Return, from the data that follows, each line that holds the word "assms".

(Dataset entries)
────────────────

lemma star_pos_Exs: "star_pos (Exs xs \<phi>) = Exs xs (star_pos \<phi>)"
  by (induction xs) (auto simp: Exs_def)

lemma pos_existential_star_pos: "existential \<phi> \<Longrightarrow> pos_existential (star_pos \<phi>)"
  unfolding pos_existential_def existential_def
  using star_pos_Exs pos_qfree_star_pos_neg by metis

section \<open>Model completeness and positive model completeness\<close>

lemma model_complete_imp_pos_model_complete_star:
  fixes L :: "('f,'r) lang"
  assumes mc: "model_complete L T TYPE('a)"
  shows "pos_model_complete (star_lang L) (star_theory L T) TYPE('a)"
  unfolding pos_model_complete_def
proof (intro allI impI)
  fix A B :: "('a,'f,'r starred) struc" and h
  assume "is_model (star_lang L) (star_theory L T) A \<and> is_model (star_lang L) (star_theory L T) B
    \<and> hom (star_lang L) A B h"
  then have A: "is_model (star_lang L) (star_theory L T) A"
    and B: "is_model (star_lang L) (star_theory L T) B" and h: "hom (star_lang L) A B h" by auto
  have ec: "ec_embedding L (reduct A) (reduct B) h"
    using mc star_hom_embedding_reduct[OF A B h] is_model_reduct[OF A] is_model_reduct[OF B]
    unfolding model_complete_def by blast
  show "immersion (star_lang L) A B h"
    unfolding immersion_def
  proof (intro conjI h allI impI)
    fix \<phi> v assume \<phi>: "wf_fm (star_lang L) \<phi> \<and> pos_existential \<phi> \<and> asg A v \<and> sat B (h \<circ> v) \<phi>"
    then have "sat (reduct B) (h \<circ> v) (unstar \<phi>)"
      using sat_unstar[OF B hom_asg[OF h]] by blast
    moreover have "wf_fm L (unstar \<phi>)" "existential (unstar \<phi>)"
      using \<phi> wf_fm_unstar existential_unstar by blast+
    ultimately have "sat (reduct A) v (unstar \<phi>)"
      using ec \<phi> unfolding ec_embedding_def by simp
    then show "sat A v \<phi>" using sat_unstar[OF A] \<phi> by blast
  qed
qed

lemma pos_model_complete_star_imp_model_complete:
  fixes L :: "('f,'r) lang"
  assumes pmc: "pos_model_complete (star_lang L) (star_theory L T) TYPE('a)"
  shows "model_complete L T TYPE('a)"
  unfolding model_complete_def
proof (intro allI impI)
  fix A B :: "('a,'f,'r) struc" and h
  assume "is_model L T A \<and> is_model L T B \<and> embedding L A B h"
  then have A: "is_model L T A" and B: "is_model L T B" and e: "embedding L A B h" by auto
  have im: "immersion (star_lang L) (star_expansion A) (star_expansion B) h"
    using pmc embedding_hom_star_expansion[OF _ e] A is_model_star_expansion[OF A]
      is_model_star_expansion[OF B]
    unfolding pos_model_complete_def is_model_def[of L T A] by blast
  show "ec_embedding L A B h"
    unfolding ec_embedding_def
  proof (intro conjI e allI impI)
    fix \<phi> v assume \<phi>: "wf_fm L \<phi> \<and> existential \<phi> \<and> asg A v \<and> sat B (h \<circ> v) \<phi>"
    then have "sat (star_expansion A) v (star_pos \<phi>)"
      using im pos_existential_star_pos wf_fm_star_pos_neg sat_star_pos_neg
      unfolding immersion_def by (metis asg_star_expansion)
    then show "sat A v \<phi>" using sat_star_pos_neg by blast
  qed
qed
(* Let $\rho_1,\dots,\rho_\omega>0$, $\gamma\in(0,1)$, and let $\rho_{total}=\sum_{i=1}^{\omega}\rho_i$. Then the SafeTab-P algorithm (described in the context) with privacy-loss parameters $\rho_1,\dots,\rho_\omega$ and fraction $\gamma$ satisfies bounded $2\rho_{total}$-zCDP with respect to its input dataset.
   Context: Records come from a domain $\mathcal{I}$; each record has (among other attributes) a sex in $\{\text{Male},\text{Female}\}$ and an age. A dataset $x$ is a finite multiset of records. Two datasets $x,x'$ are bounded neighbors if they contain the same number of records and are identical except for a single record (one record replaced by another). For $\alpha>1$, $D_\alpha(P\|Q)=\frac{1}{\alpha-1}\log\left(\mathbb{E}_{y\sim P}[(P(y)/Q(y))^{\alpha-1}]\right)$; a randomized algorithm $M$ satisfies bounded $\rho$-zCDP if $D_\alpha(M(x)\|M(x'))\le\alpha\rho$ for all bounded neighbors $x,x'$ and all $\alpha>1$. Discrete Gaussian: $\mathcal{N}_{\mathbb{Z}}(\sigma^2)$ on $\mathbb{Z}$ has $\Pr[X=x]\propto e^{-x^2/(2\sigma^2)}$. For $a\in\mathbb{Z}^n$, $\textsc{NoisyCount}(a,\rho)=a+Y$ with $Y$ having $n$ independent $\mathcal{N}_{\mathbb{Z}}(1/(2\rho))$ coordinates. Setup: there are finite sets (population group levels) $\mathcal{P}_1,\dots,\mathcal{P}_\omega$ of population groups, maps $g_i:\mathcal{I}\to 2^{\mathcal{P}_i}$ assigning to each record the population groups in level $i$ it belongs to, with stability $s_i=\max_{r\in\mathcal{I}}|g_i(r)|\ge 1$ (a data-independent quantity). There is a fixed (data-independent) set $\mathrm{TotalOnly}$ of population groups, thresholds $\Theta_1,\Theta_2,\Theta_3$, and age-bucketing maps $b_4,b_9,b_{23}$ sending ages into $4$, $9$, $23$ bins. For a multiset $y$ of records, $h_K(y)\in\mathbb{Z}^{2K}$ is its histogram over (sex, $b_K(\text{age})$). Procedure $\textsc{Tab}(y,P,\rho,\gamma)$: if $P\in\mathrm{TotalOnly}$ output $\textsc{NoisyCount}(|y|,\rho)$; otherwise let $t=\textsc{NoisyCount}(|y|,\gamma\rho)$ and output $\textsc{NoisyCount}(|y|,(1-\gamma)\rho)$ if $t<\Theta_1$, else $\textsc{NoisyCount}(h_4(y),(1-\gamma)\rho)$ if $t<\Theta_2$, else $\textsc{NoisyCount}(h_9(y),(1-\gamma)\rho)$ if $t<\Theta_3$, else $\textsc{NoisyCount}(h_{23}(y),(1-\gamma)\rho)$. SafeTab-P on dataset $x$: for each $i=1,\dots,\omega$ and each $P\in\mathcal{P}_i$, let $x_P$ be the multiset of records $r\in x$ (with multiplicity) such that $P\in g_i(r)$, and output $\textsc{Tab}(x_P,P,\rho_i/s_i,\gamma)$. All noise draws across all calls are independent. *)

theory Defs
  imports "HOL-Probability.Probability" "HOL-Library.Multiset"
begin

────────────────

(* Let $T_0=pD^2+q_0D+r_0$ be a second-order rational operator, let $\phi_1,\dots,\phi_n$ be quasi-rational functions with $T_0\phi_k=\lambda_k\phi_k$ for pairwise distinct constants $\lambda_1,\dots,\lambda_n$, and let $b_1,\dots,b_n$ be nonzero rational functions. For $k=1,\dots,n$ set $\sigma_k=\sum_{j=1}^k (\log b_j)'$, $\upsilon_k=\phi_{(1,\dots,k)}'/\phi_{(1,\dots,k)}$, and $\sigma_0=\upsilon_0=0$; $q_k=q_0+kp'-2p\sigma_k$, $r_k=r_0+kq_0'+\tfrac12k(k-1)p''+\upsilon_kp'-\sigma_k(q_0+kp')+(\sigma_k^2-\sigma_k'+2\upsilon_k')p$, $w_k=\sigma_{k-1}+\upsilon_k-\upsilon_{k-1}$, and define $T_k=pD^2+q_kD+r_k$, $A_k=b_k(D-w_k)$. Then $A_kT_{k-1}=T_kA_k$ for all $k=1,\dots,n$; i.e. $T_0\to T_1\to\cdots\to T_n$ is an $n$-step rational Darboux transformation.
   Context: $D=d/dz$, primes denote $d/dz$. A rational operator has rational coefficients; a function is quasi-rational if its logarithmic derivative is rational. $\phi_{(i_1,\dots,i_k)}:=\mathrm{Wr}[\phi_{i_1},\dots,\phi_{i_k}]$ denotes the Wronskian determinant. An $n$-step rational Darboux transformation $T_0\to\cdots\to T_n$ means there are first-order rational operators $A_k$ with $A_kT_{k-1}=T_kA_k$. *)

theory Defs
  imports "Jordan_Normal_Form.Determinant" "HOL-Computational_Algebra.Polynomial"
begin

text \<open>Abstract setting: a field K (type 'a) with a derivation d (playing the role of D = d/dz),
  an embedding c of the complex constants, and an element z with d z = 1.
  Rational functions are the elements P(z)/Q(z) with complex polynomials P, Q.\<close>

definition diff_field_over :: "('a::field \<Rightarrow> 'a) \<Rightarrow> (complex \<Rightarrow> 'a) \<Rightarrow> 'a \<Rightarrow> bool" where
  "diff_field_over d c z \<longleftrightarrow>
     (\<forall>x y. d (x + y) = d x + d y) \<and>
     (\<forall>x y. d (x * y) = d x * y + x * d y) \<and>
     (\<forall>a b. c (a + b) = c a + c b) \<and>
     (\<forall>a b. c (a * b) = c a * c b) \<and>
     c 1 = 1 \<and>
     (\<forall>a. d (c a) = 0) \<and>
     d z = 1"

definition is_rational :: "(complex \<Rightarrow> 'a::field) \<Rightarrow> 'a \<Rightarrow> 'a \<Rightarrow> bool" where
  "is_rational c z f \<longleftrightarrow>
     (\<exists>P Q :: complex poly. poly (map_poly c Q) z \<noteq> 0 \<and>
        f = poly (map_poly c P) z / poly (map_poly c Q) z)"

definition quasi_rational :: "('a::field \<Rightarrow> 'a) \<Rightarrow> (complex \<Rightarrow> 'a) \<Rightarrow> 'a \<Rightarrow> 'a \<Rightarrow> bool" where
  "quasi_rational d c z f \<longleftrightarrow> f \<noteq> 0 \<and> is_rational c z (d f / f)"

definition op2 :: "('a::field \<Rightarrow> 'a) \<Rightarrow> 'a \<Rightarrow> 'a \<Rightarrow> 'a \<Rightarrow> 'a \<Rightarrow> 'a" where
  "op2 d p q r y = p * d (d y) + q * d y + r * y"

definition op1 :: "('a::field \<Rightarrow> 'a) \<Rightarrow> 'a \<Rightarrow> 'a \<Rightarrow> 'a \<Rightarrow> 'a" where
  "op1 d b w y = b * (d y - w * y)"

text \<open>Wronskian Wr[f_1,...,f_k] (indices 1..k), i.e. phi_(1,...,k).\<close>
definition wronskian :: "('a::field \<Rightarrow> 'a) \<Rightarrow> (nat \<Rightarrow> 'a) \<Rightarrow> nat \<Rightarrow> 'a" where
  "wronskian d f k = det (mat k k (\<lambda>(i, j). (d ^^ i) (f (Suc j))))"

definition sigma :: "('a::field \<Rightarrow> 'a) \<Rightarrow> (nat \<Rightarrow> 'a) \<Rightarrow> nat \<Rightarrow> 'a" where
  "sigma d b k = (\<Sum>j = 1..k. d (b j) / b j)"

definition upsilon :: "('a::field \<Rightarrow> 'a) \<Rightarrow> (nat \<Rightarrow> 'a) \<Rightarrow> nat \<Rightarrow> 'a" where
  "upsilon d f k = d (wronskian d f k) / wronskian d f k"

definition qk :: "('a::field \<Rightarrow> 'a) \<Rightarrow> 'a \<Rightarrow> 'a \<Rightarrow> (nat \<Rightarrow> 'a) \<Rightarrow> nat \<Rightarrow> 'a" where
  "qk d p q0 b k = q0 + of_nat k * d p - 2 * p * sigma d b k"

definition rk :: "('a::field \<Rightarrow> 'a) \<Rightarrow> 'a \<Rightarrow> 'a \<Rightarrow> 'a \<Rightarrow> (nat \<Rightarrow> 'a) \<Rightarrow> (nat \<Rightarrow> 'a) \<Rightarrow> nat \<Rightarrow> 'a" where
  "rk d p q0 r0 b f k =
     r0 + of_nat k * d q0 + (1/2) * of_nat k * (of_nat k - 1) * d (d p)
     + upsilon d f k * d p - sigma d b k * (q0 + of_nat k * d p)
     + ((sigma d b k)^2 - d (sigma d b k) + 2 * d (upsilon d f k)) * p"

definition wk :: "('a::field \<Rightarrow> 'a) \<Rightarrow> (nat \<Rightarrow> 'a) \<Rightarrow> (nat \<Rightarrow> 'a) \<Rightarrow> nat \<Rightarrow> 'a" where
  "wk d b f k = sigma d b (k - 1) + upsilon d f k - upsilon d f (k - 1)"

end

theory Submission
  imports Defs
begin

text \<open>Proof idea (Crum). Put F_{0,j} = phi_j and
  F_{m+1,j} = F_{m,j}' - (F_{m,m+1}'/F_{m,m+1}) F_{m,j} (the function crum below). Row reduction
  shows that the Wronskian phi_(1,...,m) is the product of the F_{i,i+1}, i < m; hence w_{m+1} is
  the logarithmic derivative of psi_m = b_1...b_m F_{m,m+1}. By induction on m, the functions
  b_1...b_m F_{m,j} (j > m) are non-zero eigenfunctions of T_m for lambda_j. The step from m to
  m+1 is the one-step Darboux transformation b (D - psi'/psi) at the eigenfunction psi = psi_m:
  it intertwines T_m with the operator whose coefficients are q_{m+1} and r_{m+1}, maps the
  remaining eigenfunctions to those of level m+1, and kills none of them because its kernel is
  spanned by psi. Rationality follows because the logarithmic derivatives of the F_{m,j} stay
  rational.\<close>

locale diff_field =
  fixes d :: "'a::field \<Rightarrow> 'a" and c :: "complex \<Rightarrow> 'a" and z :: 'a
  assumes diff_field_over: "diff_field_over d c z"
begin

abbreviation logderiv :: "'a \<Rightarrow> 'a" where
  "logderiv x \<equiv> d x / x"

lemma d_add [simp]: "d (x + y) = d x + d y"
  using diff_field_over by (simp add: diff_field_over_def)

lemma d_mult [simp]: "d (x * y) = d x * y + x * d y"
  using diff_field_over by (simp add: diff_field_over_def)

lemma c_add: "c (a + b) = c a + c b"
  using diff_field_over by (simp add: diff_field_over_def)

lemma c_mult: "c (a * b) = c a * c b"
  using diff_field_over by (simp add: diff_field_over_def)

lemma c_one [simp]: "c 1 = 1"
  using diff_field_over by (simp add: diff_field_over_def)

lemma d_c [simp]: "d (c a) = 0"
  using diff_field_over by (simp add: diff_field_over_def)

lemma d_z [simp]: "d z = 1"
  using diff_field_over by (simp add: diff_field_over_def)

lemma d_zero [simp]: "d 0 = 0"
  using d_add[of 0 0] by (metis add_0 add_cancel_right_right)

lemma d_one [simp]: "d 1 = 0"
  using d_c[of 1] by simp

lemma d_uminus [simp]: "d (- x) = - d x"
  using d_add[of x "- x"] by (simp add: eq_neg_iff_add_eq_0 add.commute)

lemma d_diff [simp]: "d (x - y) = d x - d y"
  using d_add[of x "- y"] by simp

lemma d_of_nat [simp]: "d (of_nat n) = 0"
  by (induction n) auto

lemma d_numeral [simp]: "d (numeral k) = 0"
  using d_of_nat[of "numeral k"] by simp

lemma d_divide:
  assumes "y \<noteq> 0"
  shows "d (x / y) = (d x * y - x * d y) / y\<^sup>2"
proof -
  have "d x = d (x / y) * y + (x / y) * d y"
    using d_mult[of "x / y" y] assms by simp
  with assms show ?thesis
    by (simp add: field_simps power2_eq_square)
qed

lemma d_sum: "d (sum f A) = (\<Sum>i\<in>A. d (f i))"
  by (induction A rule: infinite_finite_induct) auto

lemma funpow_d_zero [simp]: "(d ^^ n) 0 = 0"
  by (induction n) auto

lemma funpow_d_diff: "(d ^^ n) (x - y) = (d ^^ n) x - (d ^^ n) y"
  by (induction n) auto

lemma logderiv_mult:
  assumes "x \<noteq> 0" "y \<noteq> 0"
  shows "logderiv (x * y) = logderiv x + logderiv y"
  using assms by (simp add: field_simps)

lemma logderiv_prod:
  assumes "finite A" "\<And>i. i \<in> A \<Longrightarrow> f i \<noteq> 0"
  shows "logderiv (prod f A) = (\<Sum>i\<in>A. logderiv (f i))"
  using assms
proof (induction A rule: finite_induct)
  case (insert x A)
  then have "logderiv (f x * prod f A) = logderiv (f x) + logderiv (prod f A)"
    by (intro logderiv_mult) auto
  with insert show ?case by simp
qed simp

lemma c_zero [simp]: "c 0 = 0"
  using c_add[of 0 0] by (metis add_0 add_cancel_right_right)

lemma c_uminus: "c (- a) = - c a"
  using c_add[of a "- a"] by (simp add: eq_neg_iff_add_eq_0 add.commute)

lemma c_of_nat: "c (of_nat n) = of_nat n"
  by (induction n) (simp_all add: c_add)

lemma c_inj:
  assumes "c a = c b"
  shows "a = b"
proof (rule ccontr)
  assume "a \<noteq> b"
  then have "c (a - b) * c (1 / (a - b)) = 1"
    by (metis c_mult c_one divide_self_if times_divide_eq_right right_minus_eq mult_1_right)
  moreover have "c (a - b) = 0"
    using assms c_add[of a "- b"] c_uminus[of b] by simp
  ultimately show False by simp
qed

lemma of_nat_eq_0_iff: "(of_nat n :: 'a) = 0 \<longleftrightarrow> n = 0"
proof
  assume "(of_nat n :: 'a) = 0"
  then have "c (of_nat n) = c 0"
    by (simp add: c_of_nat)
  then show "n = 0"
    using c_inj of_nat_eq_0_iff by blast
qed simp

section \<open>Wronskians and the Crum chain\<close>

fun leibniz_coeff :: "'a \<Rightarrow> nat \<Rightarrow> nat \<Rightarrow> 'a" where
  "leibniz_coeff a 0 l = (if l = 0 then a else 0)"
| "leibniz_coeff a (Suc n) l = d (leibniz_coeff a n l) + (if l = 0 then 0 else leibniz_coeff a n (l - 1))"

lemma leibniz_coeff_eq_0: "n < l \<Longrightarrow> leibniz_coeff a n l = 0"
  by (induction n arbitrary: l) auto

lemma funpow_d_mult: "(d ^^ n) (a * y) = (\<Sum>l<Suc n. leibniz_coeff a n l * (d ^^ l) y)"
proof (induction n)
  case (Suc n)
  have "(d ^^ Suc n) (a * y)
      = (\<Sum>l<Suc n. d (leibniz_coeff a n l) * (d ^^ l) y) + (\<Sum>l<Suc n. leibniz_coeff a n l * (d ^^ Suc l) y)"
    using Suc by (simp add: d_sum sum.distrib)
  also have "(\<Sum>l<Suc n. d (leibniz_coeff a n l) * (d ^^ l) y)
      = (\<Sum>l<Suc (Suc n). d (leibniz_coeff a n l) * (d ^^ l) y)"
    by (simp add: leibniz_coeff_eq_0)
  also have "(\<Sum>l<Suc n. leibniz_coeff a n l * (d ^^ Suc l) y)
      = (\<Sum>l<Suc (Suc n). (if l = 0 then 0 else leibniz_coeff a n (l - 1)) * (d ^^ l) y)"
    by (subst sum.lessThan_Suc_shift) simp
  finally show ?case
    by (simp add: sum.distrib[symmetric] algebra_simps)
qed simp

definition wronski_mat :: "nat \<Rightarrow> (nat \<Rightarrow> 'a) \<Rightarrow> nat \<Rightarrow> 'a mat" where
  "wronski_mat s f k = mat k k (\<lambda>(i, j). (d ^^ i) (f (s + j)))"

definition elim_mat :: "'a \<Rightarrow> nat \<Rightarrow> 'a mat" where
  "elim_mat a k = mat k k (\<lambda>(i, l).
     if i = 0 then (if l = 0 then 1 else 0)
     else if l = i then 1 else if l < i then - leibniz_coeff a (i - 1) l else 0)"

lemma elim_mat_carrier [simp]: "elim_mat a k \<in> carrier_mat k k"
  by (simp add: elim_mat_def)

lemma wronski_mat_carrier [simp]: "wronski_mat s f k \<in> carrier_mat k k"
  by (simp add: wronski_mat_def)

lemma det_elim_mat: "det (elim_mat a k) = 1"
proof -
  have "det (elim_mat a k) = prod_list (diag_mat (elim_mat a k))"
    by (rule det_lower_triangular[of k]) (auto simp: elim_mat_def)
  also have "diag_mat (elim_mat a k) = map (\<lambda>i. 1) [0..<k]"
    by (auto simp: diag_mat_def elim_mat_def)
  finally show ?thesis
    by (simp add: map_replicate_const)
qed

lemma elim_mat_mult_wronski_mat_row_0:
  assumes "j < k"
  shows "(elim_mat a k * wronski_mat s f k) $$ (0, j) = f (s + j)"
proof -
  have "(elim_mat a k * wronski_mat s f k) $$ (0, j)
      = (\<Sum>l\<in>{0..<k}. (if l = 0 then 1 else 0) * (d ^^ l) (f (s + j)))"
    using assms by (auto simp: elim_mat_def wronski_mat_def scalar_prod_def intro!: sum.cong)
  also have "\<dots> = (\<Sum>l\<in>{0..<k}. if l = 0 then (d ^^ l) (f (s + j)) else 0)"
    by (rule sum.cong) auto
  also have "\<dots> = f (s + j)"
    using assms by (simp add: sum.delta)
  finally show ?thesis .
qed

────────────────

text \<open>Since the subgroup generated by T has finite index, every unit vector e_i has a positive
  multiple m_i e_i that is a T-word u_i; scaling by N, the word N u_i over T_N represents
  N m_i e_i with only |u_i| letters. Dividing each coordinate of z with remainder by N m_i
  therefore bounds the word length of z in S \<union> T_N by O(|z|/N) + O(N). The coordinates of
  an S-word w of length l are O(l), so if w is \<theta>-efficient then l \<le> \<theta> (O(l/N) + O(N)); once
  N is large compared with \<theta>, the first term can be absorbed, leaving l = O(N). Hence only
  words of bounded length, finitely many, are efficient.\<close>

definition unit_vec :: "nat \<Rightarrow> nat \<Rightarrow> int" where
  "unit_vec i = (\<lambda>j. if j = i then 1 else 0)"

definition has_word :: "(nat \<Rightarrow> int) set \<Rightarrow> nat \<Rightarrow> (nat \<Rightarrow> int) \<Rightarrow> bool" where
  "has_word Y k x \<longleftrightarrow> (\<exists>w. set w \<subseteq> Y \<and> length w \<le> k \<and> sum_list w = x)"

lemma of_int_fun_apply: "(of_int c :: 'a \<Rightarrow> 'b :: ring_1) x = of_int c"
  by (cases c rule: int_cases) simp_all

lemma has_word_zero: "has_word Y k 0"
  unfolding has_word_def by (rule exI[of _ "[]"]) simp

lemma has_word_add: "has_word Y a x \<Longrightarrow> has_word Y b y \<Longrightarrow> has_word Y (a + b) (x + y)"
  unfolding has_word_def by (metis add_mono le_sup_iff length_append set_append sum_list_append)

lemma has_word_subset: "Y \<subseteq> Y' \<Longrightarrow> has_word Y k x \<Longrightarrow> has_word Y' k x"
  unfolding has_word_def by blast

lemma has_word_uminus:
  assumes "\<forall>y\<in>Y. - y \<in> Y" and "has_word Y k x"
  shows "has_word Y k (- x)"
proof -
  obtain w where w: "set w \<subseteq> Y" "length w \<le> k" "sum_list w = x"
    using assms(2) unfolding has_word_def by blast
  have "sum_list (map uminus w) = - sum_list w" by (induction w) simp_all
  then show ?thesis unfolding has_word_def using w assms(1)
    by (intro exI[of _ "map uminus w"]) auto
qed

────────────────

Task output —
    using d_mult[of "x / y" y] assms by simp
  with assms show ?thesis
  using assms by (simp add: field_simps)
  using assms
    using assms c_add[of a "- b"] c_uminus[of b] by simp
    using assms by (auto simp: elim_mat_def wronski_mat_def scalar_prod_def intro!: sum.cong)
    using assms by (simp add: sum.delta)
    using assms(2) unfolding has_word_def by blast
  then show ?thesis unfolding has_word_def using w assms(1)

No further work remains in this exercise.